Intel sampled us with a pre-production version of the NUC13ANKi7 - the slim version of the NUC 13 Pro equipped with a Core i7-1360P processor. This review provides a comprehensive look into the performance profile of the system and how it stacks up against the previous generation as well as other competitors in the market.

Introduction and Product Impressions

Intel's Raptor Lake processors build upon the heterogeneous computing paradigm introduced with hybrid processors in Alder Lake. While the desktop processors enjoyed a few minor microarchitectural tweaks for better performance, the -P series owes its improvements to the maturity of the Intel 7 manufacturing process. The updated voltage-frequency curves have enabled Intel to increase the turbo clocks for both performance and efficiency cores. Some I/O improvements such as additional Thunderbolt 4 ports and USB 3.2 Gen 2x2 support are also in the mix for Raptor Lake-P, but their adoption is dependent on other board component choices.
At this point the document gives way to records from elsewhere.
(* Let $n\ge 2$ and $k\ge 1$. If there exists a set of $k$ Gozinta Boxes in dimension $n$, then there exists a set of $k$ Gozinta Boxes in dimension $n-1$.
   Context: An $n$-dimensional box $A$ has closed side lengths $a_1\le\dots\le a_n$ (positive reals). A state of $A$ is either closed or expanded along one side $i$: $a_i$ is replaced by $a_i'$ with $a_i\le a_i'\le 2a_i$, other sides unchanged (only one side can expand). The dimension vector of a state is its side lengths sorted non-decreasingly. A box in some state fits inside another box in some state if each coordinate of the outer one's dimension vector is strictly larger than the corresponding coordinate of the inner one's. An order $X_1,\dots,X_k$ (innermost to outermost) is a possible arrangement if each box can be given a state so that $X_j$ fits inside $X_{j+1}$ for all $j$; states may differ between arrangements. A set of $k$ Gozinta Boxes is a collection of $k$ boxes $A_1,\dots,A_k$ (of the same dimension) such that both the natural order $A_1,\dots,A_k$ and the reverse order $A_k,\dots,A_1$ are possible arrangements. *)

theory Defs
  imports Complex_Main
begin

definition is_box :: "nat \<Rightarrow> real list \<Rightarrow> bool" where
  "is_box n a \<longleftrightarrow> length a = n \<and> (\<forall>x\<in>set a. x > 0) \<and> sorted a"

definition box_states :: "real list \<Rightarrow> real list set" where
  "box_states a = {a} \<union> {a[i := t] | i t. i < length a \<and> a ! i \<le> t \<and> t \<le> 2 * a ! i}"

definition dim_vec :: "real list \<Rightarrow> real list" where
  "dim_vec s = sort s"

definition fits_inside :: "real list \<Rightarrow> real list \<Rightarrow> bool" where
  "fits_inside s t \<longleftrightarrow> length s = length t \<and>
     (\<forall>i < length s. dim_vec s ! i < dim_vec t ! i)"

text \<open>An order X_1,...,X_k (innermost first) is a possible arrangement.\<close>
definition possible_arrangement :: "real list list \<Rightarrow> bool" where
  "possible_arrangement Xs \<longleftrightarrow>
     (\<exists>S. length S = length Xs \<and> (\<forall>j < length Xs. S ! j \<in> box_states (Xs ! j)) \<and>
          (\<forall>j. Suc j < length Xs \<longrightarrow> fits_inside (S ! j) (S ! Suc j)))"

definition gozinta :: "nat \<Rightarrow> nat \<Rightarrow> real list list \<Rightarrow> bool" where
  "gozinta n k A \<longleftrightarrow> length A = k \<and> (\<forall>a\<in>set A. is_box n a) \<and>
     possible_arrangement A \<and> possible_arrangement (rev A)"

end

theory Submission
  imports Defs "HOL-Library.Multiset"
begin

text \<open>Drop the shortest closed side of every box. If a box is in some state, then removing
  the smallest entry of that state's dimension vector gives the dimension vector of a state
  of the reduced box: expanding a side other than the shortest keeps the shortest side
  smallest, and expanding the shortest side either keeps it smallest or makes the second
  shortest side the smallest one, in which case the expanded length (at most twice the
  shortest side) is a legal expansion of the second shortest side. Since dropping the first
  coordinate of two dimension vectors preserves strict coordinatewise domination, both
  arrangements of the original set survive.\<close>

lemma sort_eq_of_mset_eq: "mset s = mset t \<Longrightarrow> sort s = sort t"
  by (metis sorted_list_of_multiset_mset)

lemma tl_sort_eq_sort_if_min:
  fixes m :: "'a::linorder"
  assumes "mset s = mset (m # r)" and "\<forall>x\<in>set r. m \<le> x"
  shows "tl (sort s) = sort r"
proof -
  have "sort s = insort m (sort r)" using sort_eq_of_mset_eq[OF assms(1)] by simp
  also have "\<dots> = m # sort r" using assms(2) by (simp add: insort_is_Cons)
  finally show ?thesis by simp
qed

lemma box_states_length: "s \<in> box_states a \<Longrightarrow> length s = length a"
  unfolding box_states_def by auto

lemma self_in_box_states: "a \<in> box_states a"
  unfolding box_states_def by simp

lemma update_in_box_states:
  "i < length a \<Longrightarrow> a ! i \<le> t \<Longrightarrow> t \<le> 2 * a ! i \<Longrightarrow> a[i := t] \<in> box_states a"
  unfolding box_states_def by blast

lemma tl_sort_box_state:
  assumes "sorted a" and "s \<in> box_states a"
  shows "\<exists>s' \<in> box_states (tl a). sort s' = tl (sort s)"
proof (cases a)
  case Nil
  then show ?thesis using assms(2) by (simp add: box_states_def)
next
  case (Cons a0 r)
  have a0_min: "\<forall>x\<in>set r. a0 \<le> x" and r_sorted: "sorted r" using assms(1) Cons by auto
  from assms(2) consider "s = a" | i t where "s = a[i := t]" "i < length a" "a ! i \<le> t" "t \<le> 2 * a ! i"
    unfolding box_states_def by blast
  then show ?thesis
  proof cases
    case 1
    then show ?thesis using assms(1) Cons r_sorted self_in_box_states
      by (metis list.sel(3) sorted_sort_id)
  next
    case (2 i t)
    show ?thesis
    proof (cases i)
      case (Suc j)
      have "a ! i \<in> set r" using 2 Suc Cons by simp
      then have "a0 \<le> t" using 2 a0_min by fastforce
      then have "\<forall>x\<in>set (r[j := t]). a0 \<le> x"
        using set_update_subset_insert[of r j t] a0_min by auto
      then have "tl (sort s) = sort (r[j := t])"
        using 2 Suc Cons by (intro tl_sort_eq_sort_if_min[where m = a0]) simp_all
      moreover have "r[j := t] \<in> box_states r"
        using 2 Suc Cons by (intro update_in_box_states) simp_all
      ultimately show ?thesis unfolding Cons list.sel(3) by (metis (no_types))
    next
      case 0
      then have s: "s = t # r" and t: "a0 \<le> t" "t \<le> 2 * a0" using 2 Cons by simp_all
      show ?thesis
      proof (cases "\<forall>x\<in>set r. t \<le> x")
        case True
        then have "tl (sort s) = sort r" using s by (intro tl_sort_eq_sort_if_min) simp_all
        then show ?thesis using Cons self_in_box_states by auto
      next
        case False
        then obtain a1 r' where r: "r = a1 # r'" and "a1 < t"
          using r_sorted by (cases r) auto
        then have "tl (sort s) = sort (t # r')"
          using s r_sorted by (intro tl_sort_eq_sort_if_min[where m = a1]) auto
        moreover have "t # r' \<in> box_states r"
          using update_in_box_states[of 0 r t] r \<open>a1 < t\<close> t a0_min by simp
        ultimately show ?thesis unfolding Cons list.sel(3) by (metis (no_types))
      qed
    qed
  qed
qed

lemma fits_inside_tl_sort:
  assumes "fits_inside s t" and "sort s' = tl (sort s)" and "sort t' = tl (sort t)"
  shows "fits_inside s' t'"
proof -
  have len: "length s' = length s - 1" "length t' = length t - 1"
    using assms(2,3) by (metis length_sort length_tl)+
  show ?thesis unfolding fits_inside_def dim_vec_def
  proof (intro conjI allI impI)
    show "length s' = length t'" using len assms(1) unfolding fits_inside_def by simp
  next
    fix i assume "i < length s'"
    then have "Suc i < length s" using len by simp
    then show "sort s' ! i < sort t' ! i"
      using assms unfolding fits_inside_def dim_vec_def by (simp add: nth_tl)
  qed
qed

lemma possible_arrangement_map_tl:
  assumes "\<forall>a\<in>set Xs. sorted a" and "possible_arrangement Xs"
  shows "possible_arrangement (map tl Xs)"
proof -
  obtain S where S: "length S = length Xs" "\<forall>j < length Xs. S ! j \<in> box_states (Xs ! j)"
    "\<forall>j. Suc j < length Xs \<longrightarrow> fits_inside (S ! j) (S ! Suc j)"
    using assms(2) unfolding possible_arrangement_def by blast
  have "\<forall>j < length Xs. \<exists>s'. s' \<in> box_states (tl (Xs ! j)) \<and> sort s' = tl (sort (S ! j))"
    using tl_sort_box_state assms(1) S(2) by (metis nth_mem)
  then obtain g where g: "\<And>j. j < length Xs \<Longrightarrow>
      g j \<in> box_states (tl (Xs ! j)) \<and> sort (g j) = tl (sort (S ! j))"
    by metis
  show ?thesis unfolding possible_arrangement_def
    using g S(3) fits_inside_tl_sort
    by (intro exI[of _ "map g [0..<length Xs]"]) auto
qed

lemma is_box_tl: "is_box n a \<Longrightarrow> is_box (n - 1) (tl a)"
  unfolding is_box_def by (cases a) auto

lemma gozinta_map_tl: "gozinta n k A \<Longrightarrow> gozinta (n - 1) k (map tl A)"
  unfolding gozinta_def using is_box_tl possible_arrangement_map_tl[of "rev A"]
  by (auto simp: is_box_def rev_map intro!: possible_arrangement_map_tl)

theorem proposition15:
  fixes n k :: nat
  assumes "n \<ge> 2" and "k \<ge> 1"
    and "\<exists>A. gozinta n k A"
  shows "\<exists>B. gozinta (n - 1) k B"
  \<comment> \<open>The reduction works for all \<open>n\<close> and \<open>k\<close>; the bounds only exclude degenerate cases.\<close>
  using assms(3) gozinta_map_tl by blast

end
Intel's Arena Canyon NUCs are visually identical to their Wall Street Canyon counterparts - down to the placement of the I/O ports and the layout of the internal board. In fact, one of the primary reasons for Arena Canyon to get released within a few quarters of the Wall Street Canyon seems to be the similarity in the internal platform. Intel has decided to minimize the changes by going in with the same DDR4 SODIMMs support and Burnside Bridge retimers on the Type-C ports. This means that the Thunderbolt 4 ports in the Arena Canyon NUCs do not support USB 3.2 Gen 2x2 just like the Wall Street Canyon NUCs.
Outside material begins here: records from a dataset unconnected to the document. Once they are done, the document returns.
lemma rapidly_decreasing_recurrence_step:
  fixes f :: "complex \<Rightarrow> complex" and \<beta> c d :: real
  assumes rec: "\<And>s. Im s \<noteq> 0 \<Longrightarrow>
      (s + of_real \<beta>) * f (s + of_real d) + (s - of_real \<beta>) * f (s - of_real d) = of_real c * s * f s"
    and "rapidly_decreasing (\<lambda>\<xi>. f (Complex \<mu> \<xi>))"
    and "rapidly_decreasing (\<lambda>\<xi>. f (Complex (\<mu> - d) \<xi>))"
  shows "rapidly_decreasing (\<lambda>\<xi>. f (Complex (\<mu> + d) \<xi>))"
proof (rule rapidly_decreasing_le)
  show "rapidly_decreasing (\<lambda>\<xi>. norm (f (Complex (\<mu> - d) \<xi>)) + norm (f (Complex \<mu> \<xi>)))"
    using assms(2,3) by (intro rapidly_decreasing_add) simp_all
  define K where "K = \<bar>\<mu>\<bar> + \<bar>\<beta>\<bar> + 1"
  fix \<xi> :: real assume \<xi>: "1 \<le> \<bar>\<xi>\<bar>"
  define s where "s = Complex \<mu> \<xi>"
  have "norm (f (s + d)) \<le> ((\<bar>c\<bar> + 1) * K) * (norm (f (s - d)) + norm (f s))"
  proof (rule norm_three_term_le[OF rec])
    show "Im s \<noteq> 0" "0 < \<bar>\<xi>\<bar>" using \<xi> by (auto simp: s_def)
    show "\<bar>\<xi>\<bar> \<le> norm (s + \<beta>)" using abs_Im_le_cmod[of "s + \<beta>"] by (simp add: s_def)
    have "0 \<le> K * \<bar>\<xi>\<bar>" by (simp add: K_def)
    then have "K * \<bar>\<xi>\<bar> \<le> ((\<bar>c\<bar> + 1) * K) * \<bar>\<xi>\<bar>" and "\<bar>c\<bar> * (K * \<bar>\<xi>\<bar>) \<le> ((\<bar>c\<bar> + 1) * K) * \<bar>\<xi>\<bar>"
      using mult_nonneg_nonneg[of "\<bar>c\<bar>" "K * \<bar>\<xi>\<bar>"] by (simp_all add: algebra_simps)
    moreover have "norm s \<le> K * \<bar>\<xi>\<bar>"
      using norm_Complex_minus_le[OF \<xi>, of \<mu> 0] mult_right_mono[OF _ abs_ge_zero, of "\<bar>\<mu>\<bar> + 1" K \<xi>]
      by (simp add: s_def K_def)
    moreover have "norm (s - \<beta>) \<le> K * \<bar>\<xi>\<bar>"
      using norm_Complex_minus_le[OF \<xi>] by (simp add: s_def K_def)
    moreover have "norm (of_real c * s) \<le> \<bar>c\<bar> * (K * \<bar>\<xi>\<bar>)"
      using \<open>norm s \<le> K * \<bar>\<xi>\<bar>\<close> by (simp add: norm_mult mult_left_mono)
    ultimately show "norm (s - \<beta>) \<le> ((\<bar>c\<bar> + 1) * K) * \<bar>\<xi>\<bar>"
      and "norm (of_real c * s) \<le> ((\<bar>c\<bar> + 1) * K) * \<bar>\<xi>\<bar>"
      by linarith+
  qed
  moreover have "s + d = Complex (\<mu> + d) \<xi>" "s - d = Complex (\<mu> - d) \<xi>"
    by (simp_all add: s_def complex_eq_iff)
  ultimately show "norm (f (Complex (\<mu> + d) \<xi>)) \<le> ((\<bar>c\<bar> + 1) * K) *
      norm (norm (f (Complex (\<mu> - d) \<xi>)) + norm (f (Complex \<mu> \<xi>)))"
    by (simp add: s_def)
qed

lemma rapidly_decreasing_recurrence:
  fixes f :: "complex \<Rightarrow> complex" and \<beta> c :: real
  assumes rec: "\<And>s. Im s \<noteq> 0 \<Longrightarrow>
      (s + of_real \<beta>) * f (s + 1) + (s - of_real \<beta>) * f (s - 1) = of_real c * s * f s"
    and base: "\<And>\<mu>. a < \<mu> \<Longrightarrow> \<mu> < b \<Longrightarrow> rapidly_decreasing (\<lambda>\<xi>. f (Complex \<mu> \<xi>))"
    and "a + 2 < b"
  shows "rapidly_decreasing (\<lambda>\<xi>. f (Complex \<mu> \<xi>))"
proof -
  have rec_right: "(s + of_real \<beta>) * f (s + of_real 1) + (s - of_real \<beta>) * f (s - of_real 1)
      = of_real c * s * f s" if "Im s \<noteq> 0" for s
    using rec[OF that] by simp
  have rec_left: "(s + of_real (- \<beta>)) * f (s + of_real (- 1)) + (s - of_real (- \<beta>)) * f (s - of_real (- 1))
      = of_real c * s * f s" if "Im s \<noteq> 0" for s
    using rec[OF that] by (simp add: add.commute)
  have "\<forall>\<mu>. a - n < \<mu> \<and> \<mu> < b + n \<longrightarrow> rapidly_decreasing (\<lambda>\<xi>. f (Complex \<mu> \<xi>))" for n :: nat
  proof (induction n)
    case (Suc n)
    show ?case
    proof (intro allI impI)
      fix \<mu> assume \<mu>: "a - Suc n < \<mu> \<and> \<mu> < b + Suc n"
      consider "a - n < \<mu> \<and> \<mu> < b + n" | "b + n \<le> \<mu>" | "\<mu> \<le> a - n" by linarith
      then show "rapidly_decreasing (\<lambda>\<xi>. f (Complex \<mu> \<xi>))"
      proof cases
        case 2
        then show ?thesis
          using rapidly_decreasing_recurrence_step[OF rec_right, of "\<mu> - 1"] Suc.IH \<mu> \<open>a + 2 < b\<close> by simp
      next
        case 3
        then show ?thesis
          using rapidly_decreasing_recurrence_step[OF rec_left, of "\<mu> + 1"] Suc.IH \<mu> \<open>a + 2 < b\<close> by simp
      qed (use Suc.IH in blast)
    qed
  qed (use base in simp)
  moreover obtain n :: nat where "\<bar>\<mu>\<bar> + \<bar>a\<bar> + \<bar>b\<bar> < n" using reals_Archimedean2 by blast
  then have "a - n < \<mu> \<and> \<mu> < b + n" by (auto simp: abs_less_iff abs_if split: if_splits)
  ultimately show ?thesis by blast
qed

text \<open>The strip minus the real axis is not connected: the identity theorem is applied on the
  half-strip containing \<open>z\<close>.\<close>
lemma holomorphic_eq_off_real_axis:
  assumes "f holomorphic_on {s. a < Re s \<and> Re s < b \<and> Im s \<noteq> 0}"
    and "g holomorphic_on {s. a < Re s \<and> Re s < b \<and> Im s \<noteq> 0}"
    and "a \<le> a'" "a' < b'" "b' \<le> b"
    and eq: "\<And>s. a' < Re s \<Longrightarrow> Re s < b' \<Longrightarrow> Im s \<noteq> 0 \<Longrightarrow> f s = g s"
    and z: "a < Re z" "Re z < b" "Im z \<noteq> 0"
  shows "f z = g z"
proof -
  define H where "H x y = {s. x < inner 1 s} \<inter> {s. inner 1 s < y} \<inter> {s. 0 < inner (Complex 0 (Im z)) s}"
    for x y :: real
  have mem_H: "s \<in> H x y \<longleftrightarrow> x < Re s \<and> Re s < y \<and> 0 < Im z * Im s" for s x y
    by (simp add: H_def inner_complex_def)
  have H_open: "open (H x y)" for x y
    unfolding H_def by (intro open_Int open_halfspace_gt open_halfspace_lt)
  have H_sub: "H a b \<subseteq> {s. a < Re s \<and> Re s < b \<and> Im s \<noteq> 0}"
    by (auto simp: mem_H)
  show ?thesis
  proof (rule analytic_continuation_open[where s = "H a' b'" and s' = "H a b" and f = f and g = g])
    show "open (H a' b')" "open (H a b)" by (rule H_open)+
    show "connected (H a b)"
      unfolding H_def by (intro convex_connected convex_Int convex_halfspace_gt convex_halfspace_lt)
    have "Complex ((a' + b') / 2) (Im z) \<in> H a' b'"
      using z \<open>a' < b'\<close> by (auto simp: mem_H zero_less_mult_iff)
    then show "H a' b' \<noteq> {}" by blast
    show "H a' b' \<subseteq> H a b" using \<open>a \<le> a'\<close> \<open>b' \<le> b\<close> by (auto simp: mem_H)
    show "f holomorphic_on H a b" "g holomorphic_on H a b"
      using assms(1,2) H_sub by (auto intro: holomorphic_on_subset)
    show "f s = g s" if "s \<in> H a' b'" for s
      using that by (intro eq) (auto simp: mem_H)
    show "z \<in> H a b" using z by (auto simp: mem_H zero_less_mult_iff)
  qed
qed

section \<open>The kernels \<open>t powr a * (t\<^sup>2 - c t + 1) powr b * R t\<close>\<close>

lemma abs_poly_le_piecewise_powr:
  fixes P :: "real poly"
  assumes "0 < t" "degree P \<le> d"
  shows "\<bar>poly P t\<bar> \<le> (\<Sum>i\<le>degree P. \<bar>coeff P i\<bar>) * piecewise_powr 0 d t"
proof -
  have "\<bar>poly P t\<bar> \<le> (\<Sum>i\<le>degree P. \<bar>coeff P i * t ^ i\<bar>)"
    unfolding poly_altdef by (rule sum_abs)
  also have "\<dots> \<le> (\<Sum>i\<le>degree P. \<bar>coeff P i\<bar> * piecewise_powr 0 d t)"
  proof (intro sum_mono)
    fix i assume "i \<in> {..degree P}"
    then have "t ^ i \<le> piecewise_powr 0 d t"
      using assms by (auto simp: piecewise_powr_def powr_realpow power_le_one intro: power_increasing)
    then show "\<bar>coeff P i * t ^ i\<bar> \<le> \<bar>coeff P i\<bar> * piecewise_powr 0 d t"
      using assms by (simp add: abs_mult mult_left_mono)
  qed
  finally show ?thesis by (simp add: sum_distrib_right)
qed

lemma degree_linear_poly_le: "degree [:x, y:] \<le> 1"
  by (simp add: degree_pCons_eq_if)

locale quadratic_kernel =
  fixes c :: real
  assumes c_ge: "-2 \<le> c" and c_less: "c < 2"
begin

definition qpoly :: "real poly" where
  "qpoly = [:1, -c, 1:]"

definition kernel :: "real \<Rightarrow> real \<Rightarrow> real poly \<Rightarrow> real \<Rightarrow> real" where
  "kernel a b R t = t powr a * poly qpoly t powr b * poly R t"

definition euler_poly :: "real \<Rightarrow> real \<Rightarrow> real poly \<Rightarrow> real poly" where
  "euler_poly a b R =
     smult a (R * qpoly) + smult b ([:0, 1:] * pderiv qpoly * R) + [:0, 1:] * qpoly * pderiv R"

lemma poly_qpoly: "poly qpoly t = t\<^sup>2 - c * t + 1"
  by (simp add: qpoly_def algebra_simps power2_eq_square)

lemma qpoly_lower_bound:
  assumes "0 \<le> t"
  shows "(2 - c) / 4 * (1 + t\<^sup>2) \<le> poly qpoly t"
proof -
  have "poly qpoly t - (2 - c) / 4 * (1 + t\<^sup>2) = (2 + c) / 4 * (t - 1)\<^sup>2 + (2 - c) / 2 * t"
    by (simp add: poly_qpoly power2_eq_square field_simps)
  also have "\<dots> \<ge> 0"
    using assms c_ge c_less by (intro add_nonneg_nonneg mult_nonneg_nonneg) auto
  finally show ?thesis by simp
qed

lemma qpoly_pos:
  assumes "0 \<le> t"
  shows "0 < poly qpoly t"
proof -
  have "0 < (2 - c) / 4 * (1 + t\<^sup>2)"
    using c_less by (intro mult_pos_pos) (auto simp: add_pos_nonneg)
  then show ?thesis using qpoly_lower_bound[OF assms] by linarith
qed

lemma qpoly_powr_le:
  assumes "b \<le> 0" "0 < t"
  shows "poly qpoly t powr b \<le> ((2 - c) / 4) powr b * piecewise_powr 0 (2 * b) t"
proof -
  define \<kappa> where "\<kappa> = (2 - c) / 4"
  have "0 < \<kappa>" using c_less by (simp add: \<kappa>_def)
  have "piecewise_powr 0 2 t \<le> 1 + t\<^sup>2"
    using assms by (auto simp: piecewise_powr_def powr_realpow)
  then have "\<kappa> * piecewise_powr 0 2 t \<le> poly qpoly t"
    using qpoly_lower_bound[of t] assms \<open>0 < \<kappa>\<close> unfolding \<kappa>_def
    by (meson less_imp_le mult_left_mono order_trans)
  moreover have "0 < \<kappa> * piecewise_powr 0 2 t"
    using assms \<open>0 < \<kappa>\<close> by (simp add: piecewise_powr_def)
  ultimately have "poly qpoly t powr b \<le> (\<kappa> * piecewise_powr 0 2 t) powr b"
    using assms by (intro powr_mono2') auto
  also have "\<dots> = \<kappa> powr b * piecewise_powr 0 (2 * b) t"
    using \<open>0 < \<kappa>\<close> by (simp add: powr_mult piecewise_powr_def powr_powr mult.commute del: powr_numeral)
  finally show ?thesis by (simp add: \<kappa>_def)
qed

lemma kernel_dominated:
  assumes "b \<le> 0" "degree R \<le> d"
  shows "mellin_dominated (kernel a b R) a (a + 2 * b + real d)"
  unfolding mellin_dominated_def
proof
  have "poly qpoly t \<noteq> 0" if "t \<in> {0<..}" for t
    using qpoly_pos[of t] that by simp
  then show "continuous_on {0<..} (kernel a b R)"
    unfolding kernel_def[abs_def] by (intro continuous_intros) auto
  define C where "C = ((2 - c) / 4) powr b * (\<Sum>i\<le>degree R. \<bar>coeff R i\<bar>)"
  have "\<bar>kernel a b R t\<bar> \<le> C * piecewise_powr a (a + 2 * b + real d) t" if "0 < t" for t
  proof -
    have "\<bar>kernel a b R t\<bar> = t powr a * poly qpoly t powr b * \<bar>poly R t\<bar>"
      by (simp add: kernel_def abs_mult)
    also have "\<dots> \<le> piecewise_powr a a t * (((2 - c) / 4) powr b * piecewise_powr 0 (2 * b) t) *
        ((\<Sum>i\<le>degree R. \<bar>coeff R i\<bar>) * piecewise_powr 0 d t)"
      using that assms
      by (intro mult_mono qpoly_powr_le abs_poly_le_piecewise_powr) (auto simp: piecewise_powr_def)
    also have "\<dots> = C * (piecewise_powr a a t * piecewise_powr 0 (2 * b) t * piecewise_powr 0 d t)"
      by (simp add: C_def mult_ac)
    also have "\<dots> = C * piecewise_powr a (a + 2 * b + real d) t"
      by (simp add: piecewise_powr_mult)
    finally show ?thesis .
  qed
  then show "\<exists>C. \<forall>t>0. \<bar>kernel a b R t\<bar> \<le> C * piecewise_powr a (a + 2 * b + real d) t" by blast
qed

lemma kernel_has_real_derivative:
  assumes "0 < t"
  shows "(kernel a b R has_real_derivative kernel a (b - 1) (euler_poly a b R) t / t) (at t)"
proof -
  define P U Q Q' where "P = t powr a" and "U = poly qpoly t powr b"
    and "Q = poly qpoly t" and "Q' = poly (pderiv qpoly) t"
  have "0 < Q" using qpoly_pos assms by (simp add: Q_def)
  have "((\<lambda>x. poly qpoly x powr b) has_real_derivative b * Q powr (b - 1) * Q') (at t)"
    using DERIV_fun_powr[OF poly_DERIV, of qpoly t b] \<open>0 < Q\<close> by (simp add: Q_def Q'_def)
  then have "(kernel a b R has_real_derivative
      (a * t powr (a - 1) * U + b * Q powr (b - 1) * Q' * P) * poly R t + poly (pderiv R) t * (P * U)) (at t)"
    unfolding kernel_def[abs_def] P_def U_def Q_def Q'_def
    using assms by (intro DERIV_mult has_real_derivative_powr poly_DERIV)
  moreover have "(a * t powr (a - 1) * U + b * Q powr (b - 1) * Q' * P) * poly R t + poly (pderiv R) t * (P * U)
      = kernel a (b - 1) (euler_poly a b R) t / t"
  proof -
    have kernel_eq: "kernel a (b - 1) (euler_poly a b R) t =
        P * Q powr (b - 1) * (a * (poly R t * Q) + b * (t * Q' * poly R t) + t * Q * poly (pderiv R) t)"
      by (simp add: kernel_def euler_poly_def P_def Q_def Q'_def)
    have powr_pred: "t powr (a - 1) = P / t" "Q powr (b - 1) = U / Q"
      using assms \<open>0 < Q\<close> by (simp_all add: P_def U_def Q_def powr_diff)
    show ?thesis
      unfolding kernel_eq powr_pred using assms \<open>0 < Q\<close> by (simp add: field_simps)
  qed
  ultimately show ?thesis by simp
qed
There are some unique SKUs in the Arena Canyon NUC lineup compared to the Wall Street Canyon NUCs, though. There are a couple of models using the special Core i7-1370P and Core i7-1370PE processors (which have a 6P+ 8e configuration not available in Alder Lake-P). Additionally, some SKUs use processors meant for the embedded market. These have a 5-year availability window (compared the 3-year life cycle for the others). Overall, Intel has plans to release around 30 different Arena Canyon NUC SKUs (boards / slim and tall kits / ready-to-use mini-PCs) over the next few quarters.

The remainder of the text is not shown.